Many years ago when we first came here and chicken rotisserie was still a novelty we would treat ourselves for a great chicken take away. I remember the queue way back then but now it seems every corner in Athens has all kinds of chicken sold.
This place however sells wonderful ladera, common dishes cooked in olive oil. These kind of food are normally eaten with cheese and crusty bread in which you dip into the oil or sauce.
I bought 2 pieces of gemista (the verb gemiso means to fill). Gemista normally are either stuffed pepper or tomato or even courgettes thus if you hear GEMISTA its normally meant STUFFED VEGETABLES.
I chose tomato and the man gave me extra roast potatoes. I normally prefer domates gemistes (stuffed tomato) on hot summer days, when tomatoes are big plump and juicy. Greek cooking is pretty much tied up with the changes of the season but these days you can buy big tomatoes all year round.
I do not have my own recipe for this but I will share you from one of my favourite cookbook titled A TASTE OF THE AEGEAN.
salt & freshly ground pepper
6 tbsp olive oil
2 tbsp finely chopped fresh mint
2 tbsp pine nuts (optional)
2tbsp tomato paste dissolved in 2/3 cups water
1) Preheat oven at 180C
2) Sliced off the tops (reserve them)
3) Scoop out the flesh and be careful not to break the skins.
4) Set the flesh on one side
5) Sprinkle the inside with salt and sugar – set aside
6)Heat olive oil and saute the onions
7) Then add the tomato pulp, herbs and seasonings and nuts if using them.
8) Cook for further 10 mins and add the rice and cook for 5 more mins.
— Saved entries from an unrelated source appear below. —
lemma GK_affine_bound:
  fixes P L :: "real^'n^'n" and x :: "real^'n"
  assumes "spec_norm L \<le> 1" "0 < \<gamma>" "\<gamma> < d" "d \<le> 1"
  obtains C0 C1 where
    "\<And>u T. (\<And>k. d^k * (norm (u k))\<^sup>2 \<le> T) \<Longrightarrow>
       summable (GK_drift_term P L \<gamma> u x) \<and> summable (GK_noise_term P \<gamma> u)
       \<and> summable (\<lambda>j. GK_cross_term P L \<gamma> u (j+1)) \<and> \<bar>GK P L \<gamma> u x\<bar> \<le> C0 + C1 * T"
proof -
  define c where "c = spec_norm P"
  define \<eta> where "\<eta> = \<gamma>/d"
  have \<gamma>: "0 \<le> \<gamma>" "\<gamma> \<le> 1" "\<bar>\<gamma>\<bar> < 1" and d: "0 < d" and \<eta>: "\<bar>\<eta>\<bar> < 1"
    using assms by (auto simp: \<eta>_def)
  have drift_p: "summable (\<lambda>k. c * norm x * \<gamma>^(k+1))"
    using \<gamma>(3) by (intro summable_mult summable_ignore_initial_segment[of _ 1] summable_geometric) simp
  have drift_q: "summable (\<lambda>k. c * norm x * \<eta>^k)" and noise_q: "summable (\<lambda>k. c * \<eta>^k)"
    using \<eta> by (intro summable_mult summable_geometric; simp)+
  have cross_q: "summable (\<lambda>j. c * real (j+1) * \<eta>^(j+1))"
    using summable_ignore_initial_segment[OF summable_real_mult_power[OF \<eta>], of 1]
    by (simp add: mult.assoc summable_mult)
  define C0 where "C0 = \<bar>x \<bullet> (P *v x)\<bar> + 2 * (\<Sum>k. c * norm x * \<gamma>^(k+1))"
  define C1 where "C1 = 2 * (\<Sum>k. c * norm x * \<eta>^k) + (\<Sum>k. c * \<eta>^k)
                        + 2 * (\<Sum>j. c * real (j+1) * \<eta>^(j+1))"
  show thesis
  proof (rule that)
    fix u :: "nat \<Rightarrow> real^'n" and T :: real
    assume H: "\<And>k. d^k * (norm (u k))\<^sup>2 \<le> T"
    have drift: "summable (GK_drift_term P L \<gamma> u x)
        \<and> norm (suminf (GK_drift_term P L \<gamma> u x))
            \<le> (\<Sum>k. c * norm x * \<gamma>^(k+1)) + T * (\<Sum>k. c * norm x * \<eta>^k)"
      using abs_GK_drift_term_le[OF assms(1) \<gamma>(1,2) d assms(4) H]
      by (intro summable_suminf_le_affine drift_p drift_q) (simp add: c_def \<eta>_def)
    have noise: "summable (GK_noise_term P \<gamma> u)
        \<and> norm (suminf (GK_noise_term P \<gamma> u)) \<le> (\<Sum>k. 0) + T * (\<Sum>k. c * \<eta>^k)"
      using abs_GK_noise_term_le[OF \<gamma>(1,2) d assms(4) H]
      by (intro summable_suminf_le_affine noise_q summable_zero) (simp add: c_def \<eta>_def)
    have cross: "summable (\<lambda>j. GK_cross_term P L \<gamma> u (j+1))
        \<and> norm (\<Sum>j. GK_cross_term P L \<gamma> u (j+1))
            \<le> (\<Sum>j. 0) + T * (\<Sum>j. c * real (j+1) * \<eta>^(j+1))"
      using abs_GK_cross_term_le[OF assms(1) \<gamma>(1,2) d assms(4) H]
      by (intro summable_suminf_le_affine cross_q summable_zero)
         (simp only: c_def \<eta>_def add_0 real_norm_def)
    have "\<bar>GK P L \<gamma> u x\<bar> \<le> \<bar>x \<bullet> (P *v x)\<bar> + 2 * norm (suminf (GK_drift_term P L \<gamma> u x))
        + norm (suminf (GK_noise_term P \<gamma> u)) + 2 * norm (\<Sum>j. GK_cross_term P L \<gamma> u (j+1))"
      unfolding GK_eq_terms by (simp add: abs_mult)
    also have "\<dots> \<le> C0 + C1 * T"
      using drift noise cross by (simp add: C0_def C1_def algebra_simps)
    finally show "summable (GK_drift_term P L \<gamma> u x) \<and> summable (GK_noise_term P \<gamma> u)
       \<and> summable (\<lambda>j. GK_cross_term P L \<gamma> u (j+1)) \<and> \<bar>GK P L \<gamma> u x\<bar> \<le> C0 + C1 * T"
      using drift noise cross by blast
  qed
qed
theorem binomial:
  assumes a: "a \<in> carrier A" and b: "b \<in> carrier A"
  shows "pw A (a \<oplus> b) n = alg_sum A (\<lambda>k. natc A (n choose k) \<otimes> (pw A a k \<otimes> pw A b (n - k))) (Suc n)"
proof (induction n)
  case 0
  then show ?case using a b by simp
next
  case (Suc n)
  define t where "t m k = natc A (m choose k) \<otimes> (pw A a k \<otimes> pw A b (m - k))" for m k
  have closed: "t m k \<in> carrier A" for m k
    using a b by (simp add: t_def)
  have bottom: "t n 0 \<otimes> b = t (Suc n) 0"
    using b by (simp add: t_def)
  have top: "alg_sum A (\<lambda>k. t n (Suc k)) (Suc n) = alg_sum A (\<lambda>k. t n (Suc k)) n"
    using a b by (simp add: t_def binomial_eq_0)
  have "pw A (a \<oplus> b) (Suc n) = alg_sum A (t n) (Suc n) \<otimes> (a \<oplus> b)"
    using Suc.IH unfolding t_def by simp
  also have "\<dots> = t n 0 \<otimes> b \<oplus> (alg_sum A (t n) (Suc n) \<otimes> a \<oplus> alg_sum A (\<lambda>k. t n (Suc k)) (Suc n) \<otimes> b)"
    using closed a b by (simp add: top alg_sum_Suc_shift[of "t n" n] ring_simps del: alg_sum.simps)
  also have "\<dots> = t n 0 \<otimes> b \<oplus> alg_sum A (\<lambda>k. t n k \<otimes> a \<oplus> t n (Suc k) \<otimes> b) (Suc n)"
    using closed a b by (simp only: alg_sum_add alg_sum_mult_right mul_closed)
  also have "\<dots> = t (Suc n) 0 \<oplus> alg_sum A (\<lambda>k. t (Suc n) (Suc k)) (Suc n)"
    by (simp only: bottom, simp only: t_def binomial_term_Suc[OF a b])
  also have "\<dots> = alg_sum A (t (Suc n)) (Suc (Suc n))"
    using closed by (simp only: alg_sum_Suc_shift)
  finally show ?case
    unfolding t_def .
qed

lemma freshmans_dream:
  assumes p: "prime p" and a: "a \<in> carrier A" and b: "b \<in> carrier A"
  shows "\<exists>c\<in>carrier A. pw A (a \<oplus> b) p = pw A a p \<oplus> pw A b p \<oplus> natc A p \<otimes> c"
proof -
  obtain q where q: "p = Suc q" using p by (cases p) auto
  define T where "T k = natc A (p choose k) \<otimes> (pw A a k \<otimes> pw A b (p - k))" for k
  define W where "W k = natc A ((p choose Suc k) div p) \<otimes> (pw A a (Suc k) \<otimes> pw A b (p - Suc k))" for k
  have closed: "T k \<in> carrier A" "W k \<in> carrier A" for k
    using a b by (auto simp: T_def W_def)
  have "pw A (a \<oplus> b) p = alg_sum A T (Suc p)"
    unfolding T_def by (rule binomial[OF a b])
  also have "\<dots> = T 0 \<oplus> (alg_sum A (\<lambda>k. T (Suc k)) q \<oplus> T p)"
    using closed by (simp only: alg_sum_Suc_shift) (simp add: q)
  also have "alg_sum A (\<lambda>k. T (Suc k)) q = alg_sum A (\<lambda>k. natc A p \<otimes> W k) q"
  proof (rule alg_sum_cong)
    fix k assume "k < q"
    then have "p dvd (p choose Suc k)" using q p by (intro dvd_choose_prime) auto
    then have "natc A (p choose Suc k) = natc A p \<otimes> natc A ((p choose Suc k) div p)"
      by (metis dvd_mult_div_cancel natc_mult)
    then show "T (Suc k) = natc A p \<otimes> W k" using a b by (simp add: T_def W_def ring_simps)
  qed
  also have "\<dots> = natc A p \<otimes> alg_sum A W q"
    using closed by (simp add: alg_sum_mult_left)
  finally show ?thesis
    using a b closed by (intro bexI[of _ "alg_sum A W q"]) (simp_all add: T_def ring_simps q)
qed

definition ideal :: "'a set \<Rightarrow> bool" where
  "ideal J \<longleftrightarrow> J \<subseteq> carrier A \<and> \<zero> \<in> J \<and> (\<forall>x\<in>J. \<forall>y\<in>J. x \<oplus> y \<in> J) \<and>
     (\<forall>x\<in>J. \<forall>r\<in>carrier A. r \<otimes> x \<in> J)"

definition prime_ideal :: "'a set \<Rightarrow> bool" where
  "prime_ideal M \<longleftrightarrow> ideal M \<and> \<one> \<notin> M \<and>
     (\<forall>x\<in>carrier A. \<forall>y\<in>carrier A. x \<otimes> y \<in> M \<longrightarrow> x \<in> M \<or> y \<in> M)"

lemma ideal_zero: "ideal {\<zero>}"
  unfolding ideal_def by auto

lemma ideal_colon:
  assumes "ideal M" and "y \<in> carrier A"
  shows "ideal {z \<in> carrier A. z \<otimes> y \<in> M}"
  using assms unfolding ideal_def by (auto simp: distrib_right mul_assoc)

lemma ideal_subset_colon:
  assumes "ideal M" and "y \<in> carrier A"
  shows "M \<subseteq> {z \<in> carrier A. z \<otimes> y \<in> M}"
proof
  fix x assume "x \<in> M"
  moreover from this have "x \<in> carrier A"
    using assms(1) unfolding ideal_def by blast
  ultimately show "x \<in> {z \<in> carrier A. z \<otimes> y \<in> M}"
    using assms unfolding ideal_def by (simp add: mul_comm[of x])
qed

lemma ideal_Union_chain:
  assumes "C \<noteq> {}" and "subset.chain {J. ideal J} C"
  shows "ideal (\<Union>C)"
proof -
  have ideals: "\<And>J. J \<in> C \<Longrightarrow> ideal J"
    and comparable: "\<And>J K. J \<in> C \<Longrightarrow> K \<in> C \<Longrightarrow> J \<subseteq> K \<or> K \<subseteq> J"
    using assms(2) unfolding subset.chain_def by auto
  show ?thesis unfolding ideal_def
  proof (intro conjI ballI)
    show "\<Union>C \<subseteq> carrier A" and "\<zero> \<in> \<Union>C"
      using assms(1) ideals unfolding ideal_def by blast+
  next
    fix x y assume "x \<in> \<Union>C" "y \<in> \<Union>C"
    then obtain J K where "J \<in> C" "K \<in> C" "x \<in> J" "y \<in> K" by blast
    then show "x \<oplus> y \<in> \<Union>C"
      using comparable[of J K] ideals unfolding ideal_def by blast
  next
    fix x r assume "x \<in> \<Union>C" "r \<in> carrier A"
    then show "r \<otimes> x \<in> \<Union>C"
      using ideals unfolding ideal_def by blast
  qed
qed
9) Rinse the tomatoes , then fill the rice mixture
10)Cover with tomato tops.
11)Place in baking tin.
12)Pour remaining olive oil and paste mixture around the tomatoes.
13) Bake for 40 mins.
I have to admit that typing this recipe from a book made me feel so guilty. Because the best greek cook I ever know is my sister’s mother in law, Kiria Sevasti. I could have rang her up and asked for her recipe since I love the one she makes. Maybe I should call her tomorrow and let them know am back.